Voraussetzungen des Art. 132 Abs. 1 Buchst. b MwStSystRL: Nach Ansicht des BFH handelte es sich bei K um eine ordnungsgemäß anerkannte Einrichtung i.S.v. Art. 132 Abs. 1 Buchst. b MwStSystRL. Wesentlich sind insoweit das Bestehen spezifischer Vorschriften (wie § 73a SGB V), das mit den Tätigkeiten des betreffenden Steuerpflichtigen verbundene Gemeinwohlinteresse, die Steuerfreiheit vergleichbarer Unternehmer sowie die Übernahme der Kosten für die von K erbrachten Leistungen durch Krankenkassen oder andere Einrichtungen der sozialen Sicherheit. Darüber hinaus erfolgten die Heil- und Krankenhausbehandlungsleistungen der K in sozialer Hinsicht unter vergleichbaren Bedingungen wie bei Krankenhäusern, die in öffentlich-rechtlicher Trägerschaft stehen oder nach § 108 SGB V zugelassen sind.
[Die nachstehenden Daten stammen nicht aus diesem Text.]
(* Let $G=(V,E)$ be a social network with seller $s$ and buyers $N$, and let the fair diffusion mechanism (FDM) be as defined in the context. Then FDM is individually rational: for every buyer $i\in N$, every true type profile $\theta$, and every feasible action profile $a\in\mathcal{F}(\theta)$ in which $i$ participates with $a_i=(v_i,r_i')$ (i.e. $i$ reports her true valuation $v_i$ and an arbitrary set $r_i'\subseteq r_i$ of invited neighbours), we have $u_i(\theta_i,a)=\pi_i(a)v_i-p_i(a)\ge 0$.
   Context: Model. A seller $s$ sells one item on an undirected graph $G=(V,E)$ with $V=N\cup\{s\}$, $N=\{1,\dots,n\}$ the buyers. Each buyer $i$ has neighbour set $r_i\subseteq V$ and private valuation $v_i\ge 0$; her type is $\theta_i=(v_i,r_i)$; the seller's valuation is $0$ and $r_s$ denotes the seller's neighbours. Each buyer reports an action $a_i=(v_i',r_i')$ with $v_i'\ge0$ the reported valuation and $r_i'\subseteq r_i$ the neighbours she invites, or $a_i=nil$ if she does not participate. A profile $a$ is feasible ($a\in\mathcal{F}(\theta)$) if every $i$ with $a_i\neq nil$ is reachable by a path $s,k_1,\dots,k_m,i$ with $k_1\in r_s$, $k_{t+1}\in r'_{k_t}$ and $i\in r'_{k_m}$. All graph notions below refer to this reported network (participating buyers, with $j$ reachable from $i$ when $j\in r_i'$, and from $s$ when $j\in r_s$); $d_i$ is the length of the shortest such path from $s$ to $i$. A mechanism gives an allocation $\pi_i(a)\in\{0,1\}$ (at most one winner) and payments $p_i(a)\in\mathbb{R}$ (negative means $i$ receives money); buyer utility is $u_i(\theta_i,a)=\pi_i(a)v_i-p_i(a)$, and the seller's revenue is $\sum_{i\in N}p_i(a)$. Definitions. A set $D\subseteq N$ is a cut set of buyer $i$ if no path from $s$ to $i$ exists without $D$; it is a minimal cut set if no proper subset is a cut set. $j$ is a critical ancestor of $i$ if $j$ belongs to a minimal cut set of $i$; a strong critical ancestor if $\{j\}$ is a minimal cut set of $i$; a weak critical ancestor if critical but not strong. $V_i=\{j\in N: i$ is a strong critical ancestor of $j\}$ (so $i\in V_i$); for $K\subseteq N$, $N_{-K}=N\setminus\bigcup_{i\in K}V_i$, and $N_{-i}=N_{-\{i\}}$. For $D\subseteq N$, $v_D^{1^{st}}=\max_{i\in D}v_i'$, and $g_D^{1^{st}}\in\arg\max_{i\in D}v^{1^{st}}_{V_i}$ (random tie-breaking). The strong critical ancestor sequence of $i$ is $C_i=(c_1^i,\dots,c_k^i)$, the strong critical ancestors of $i$ ordered by strictly increasing depth, with $c_k^i=i$. FDM. Let $h\in\arg\max_{i\in N}v_i'$ (random tie-breaking) and $C=(c_1,\dots,c_h)$ its strong critical ancestor sequence. For consecutive $c_j,c_{j+1}$, let $M_{c_jc_{j+1}}$ be the set of weak critical ancestors of $h$ lying on some simple path from $c_j$ to $c_{j+1}$ (for the last element the corresponding set $\{c_{j+1}\}\cup M_{c_jc_{j+1}}$ is empty). Allocation: the item goes to the first $c_j\in C$ (smallest $j$) with $v'_{c_j}=v^{1^{st}}_{N_{-(\{c_{j+1}\}\cup M_{c_jc_{j+1}})}}$; call it $c_w$, and let $\hat C=(c_1,\dots,c_w)$. Rewards: for $c_j\in\hat C$ (with $j\ge 2$), $R_{c_j}=\big(v^{1^{st}}_{N_{-(\{c_j\}\cup \{g^{1^{st}}_{M_{c_{j-1}c_j}}\})}}-v^{1^{st}}_{N_{-(\{c_j\}\cup M_{c_{j-1}c_j})}}\big)/(|M_{c_{j-1}c_j}|+1)$; for $i\in M_{c_{j-1}c_j}$, $R_i=\big(v^{1^{st}}_{N_{-(\{i\}\cup\{c_j\})}}-v^{1^{st}}_{N_{-(\{c_j\}\cup M_{c_{j-1}c_j})}}\big)/(|M_{c_{j-1}c_j}|+1)$; otherwise $R_i=0$. Payments: $p_{c_j}=v^{1^{st}}_{N_{-c_j}}-v^{1^{st}}_{N_{-(\{c_{j+1}\}\cup M_{c_jc_{j+1}})}}-R_{c_j}$ for $c_j\in\hat C$, $j<w$; $p_{c_w}=v^{1^{st}}_{N_{-c_w}}-R_{c_w}$; $p_i=-R_i$ for $i\in M_{c_{j-1}c_j}$, $2\le j\le w$; $p_i=0$ otherwise. *)

theory Defs
  imports Complex_Main
begin

text \<open>An action profile assigns to each buyer either None (nil, not participating) or
Some (v', r'): reported valuation v' and invited neighbour set r'.\<close>

type_synonym 'a profile = "'a \<Rightarrow> (real \<times> 'a set) option"

definition part :: "'a profile \<Rightarrow> 'a set" where
  "part a = {i. a i \<noteq> None}"

definition bid :: "'a profile \<Rightarrow> 'a \<Rightarrow> real" where
  "bid a i = (case a i of Some (v, _) \<Rightarrow> v | None \<Rightarrow> 0)"

definition invs :: "'a profile \<Rightarrow> 'a \<Rightarrow> 'a set" where
  "invs a i = (case a i of Some (_, r) \<Rightarrow> r | None \<Rightarrow> {})"

definition redge :: "'a \<Rightarrow> 'a set \<Rightarrow> 'a profile \<Rightarrow> ('a \<times> 'a) set" where
  "redge s rs a = {(x, y). y \<in> part a \<and> ((x = s \<and> y \<in> rs) \<or> (x \<in> part a \<and> y \<in> invs a x))}"

text \<open>Feasible action profiles F(theta) (r = true neighbour sets of buyers).\<close>
definition feasible :: "'a set \<Rightarrow> 'a \<Rightarrow> 'a set \<Rightarrow> ('a \<Rightarrow> 'a set) \<Rightarrow> 'a profile \<Rightarrow> bool" where
  "feasible N s rs r a \<longleftrightarrow>
     (\<forall>i. a i \<noteq> None \<longrightarrow> i \<in> N) \<and>
     (\<forall>i v' r'. a i = Some (v', r') \<longrightarrow> v' \<ge> 0 \<and> r' \<subseteq> r i) \<and>
     (\<forall>i \<in> part a. (s, i) \<in> (redge s rs a)\<^sup>+)"

text \<open>D is a cut set of i: every path from s to i (i included) meets D.\<close>
definition cutset :: "'a \<Rightarrow> 'a set \<Rightarrow> 'a profile \<Rightarrow> 'a set \<Rightarrow> 'a \<Rightarrow> bool" where
  "cutset s rs a D i \<longleftrightarrow> D \<subseteq> part a \<and>
     (s, i) \<notin> (redge s rs a \<inter> {(x, y). x \<notin> D \<and> y \<notin> D})\<^sup>*"

definition min_cutset :: "'a \<Rightarrow> 'a set \<Rightarrow> 'a profile \<Rightarrow> 'a set \<Rightarrow> 'a \<Rightarrow> bool" where
  "min_cutset s rs a D i \<longleftrightarrow> cutset s rs a D i \<and> (\<forall>D'. D' \<subset> D \<longrightarrow> \<not> cutset s rs a D' i)"

definition critical :: "'a \<Rightarrow> 'a set \<Rightarrow> 'a profile \<Rightarrow> 'a \<Rightarrow> 'a \<Rightarrow> bool" where
  "critical s rs a j i \<longleftrightarrow> (\<exists>D. min_cutset s rs a D i \<and> j \<in> D)"

definition strong :: "'a \<Rightarrow> 'a set \<Rightarrow> 'a profile \<Rightarrow> 'a \<Rightarrow> 'a \<Rightarrow> bool" where
  "strong s rs a j i \<longleftrightarrow> min_cutset s rs a {j} i"

definition weak :: "'a \<Rightarrow> 'a set \<Rightarrow> 'a profile \<Rightarrow> 'a \<Rightarrow> 'a \<Rightarrow> bool" where
  "weak s rs a j i \<longleftrightarrow> critical s rs a j i \<and> \<not> strong s rs a j i"

definition Vset :: "'a \<Rightarrow> 'a set \<Rightarrow> 'a profile \<Rightarrow> 'a \<Rightarrow> 'a set" where
  "Vset s rs a i = {j \<in> part a. strong s rs a i j}"

definition Nminus :: "'a \<Rightarrow> 'a set \<Rightarrow> 'a profile \<Rightarrow> 'a set \<Rightarrow> 'a set" where
  "Nminus s rs a K = part a - (\<Union>i\<in>K. Vset s rs a i)"

text \<open>Highest reported valuation in D (0 for the empty set: seller's valuation).\<close>
definition vfirst :: "'a profile \<Rightarrow> 'a set \<Rightarrow> real" where
  "vfirst a D = Max (insert 0 (bid a ` D))"

definition depth :: "'a \<Rightarrow> 'a set \<Rightarrow> 'a profile \<Rightarrow> 'a \<Rightarrow> nat" where
  "depth s rs a i = (LEAST n. (s, i) \<in> (redge s rs a) ^^ n)"

definition sca_seq :: "'a \<Rightarrow> 'a set \<Rightarrow> 'a profile \<Rightarrow> 'a \<Rightarrow> 'a list" where
  "sca_seq s rs a h = (SOME xs. distinct xs \<and> set xs = {j. strong s rs a j h} \<and>
      sorted_wrt (\<lambda>x y. depth s rs a x < depth s rs a y) xs)"

definition spath :: "'a \<Rightarrow> 'a set \<Rightarrow> 'a profile \<Rightarrow> 'a list \<Rightarrow> bool" where
  "spath s rs a xs \<longleftrightarrow> xs \<noteq> [] \<and> distinct xs \<and>
     (\<forall>k. Suc k < length xs \<longrightarrow> (xs ! k, xs ! Suc k) \<in> redge s rs a)"

definition Mset :: "'a \<Rightarrow> 'a set \<Rightarrow> 'a profile \<Rightarrow> 'a \<Rightarrow> 'a \<Rightarrow> 'a \<Rightarrow> 'a set" where
  "Mset s rs a h x y = {k. weak s rs a k h \<and>
     (\<exists>xs. spath s rs a xs \<and> hd xs = x \<and> last xs = y \<and> k \<in> set xs)}"

text \<open>FDM, for a given realisation of the random tie-breaking: h is the chosen highest
bidder and gsel the chosen element of argmax_{i in D} vfirst(V_i). Indices of the
sequence C are 0-based here.\<close>

definition Kset :: "'a \<Rightarrow> 'a set \<Rightarrow> 'a profile \<Rightarrow> 'a \<Rightarrow> nat \<Rightarrow> 'a set" where
  "Kset s rs a h j = (let C = sca_seq s rs a h in
     if Suc j < length C then insert (C ! Suc j) (Mset s rs a h (C ! j) (C ! Suc j)) else {})"

definition fdm_win :: "'a \<Rightarrow> 'a set \<Rightarrow> 'a profile \<Rightarrow> 'a \<Rightarrow> nat" where
  "fdm_win s rs a h = (let C = sca_seq s rs a h in
     LEAST j. j < length C \<and> bid a (C ! j) = vfirst a (Nminus s rs a (Kset s rs a h j)))"

definition Mj :: "'a \<Rightarrow> 'a set \<Rightarrow> 'a profile \<Rightarrow> 'a \<Rightarrow> nat \<Rightarrow> 'a set" where
  "Mj s rs a h j = (let C = sca_seq s rs a h in Mset s rs a h (C ! (j - 1)) (C ! j))"

definition Rc :: "'a \<Rightarrow> 'a set \<Rightarrow> 'a profile \<Rightarrow> 'a \<Rightarrow> ('a set \<Rightarrow> 'a) \<Rightarrow> nat \<Rightarrow> real" where
  "Rc s rs a h gsel j = (let C = sca_seq s rs a h; M = Mj s rs a h j;
       G = (if M = {} then {} else {gsel M}) in
     if j = 0 then 0 else
       (vfirst a (Nminus s rs a (insert (C ! j) G))
        - vfirst a (Nminus s rs a (insert (C ! j) M))) / (real (card M) + 1))"

definition Rm :: "'a \<Rightarrow> 'a set \<Rightarrow> 'a profile \<Rightarrow> 'a \<Rightarrow> nat \<Rightarrow> 'a \<Rightarrow> real" where
  "Rm s rs a h j i = (let C = sca_seq s rs a h; M = Mj s rs a h j in
       (vfirst a (Nminus s rs a {i, C ! j})
        - vfirst a (Nminus s rs a (insert (C ! j) M))) / (real (card M) + 1))"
Beraterhinweis: Ist das nationale Recht mit dem Unionsrecht nicht vereinbar, so kann sich ein Steuerpflichtiger vielfach auf Letzteres berufen. Dies führt jedoch nur dann zu einer Steuerfreiheit, wenn im konkreten Fall die Voraussetzungen der unionsrechtlichen Vorschrift erfüllt sind. Bei Privatkliniken, die ausschließlich Leistungen an privat Versicherte und Selbstzahler erbringen, dürfte eine Berufung auf Art. 132 Abs. 1 Buchst. b MwStSystRL erfolglos sein (vgl. FG Köln v. 22.5.2913 – 8 K 3374/10). Offen gelassen hat der BFH (XI R 38/13) die Frage, ob sich das Erfordernis der Anerkennung in Art. 132 Abs. 1 Buchst. b MwStSystRL nur auf andere Einrichtungen und damit nicht auf Krankenanstalten sowie Zentren für ärztliche Heilbehandlung und Diagnostik bezieht (so auch BFH v. 23.10.2014 – V R 20/14, BFH/NV 2015, 631). Insoweit besteht Rechtsunsicherheit.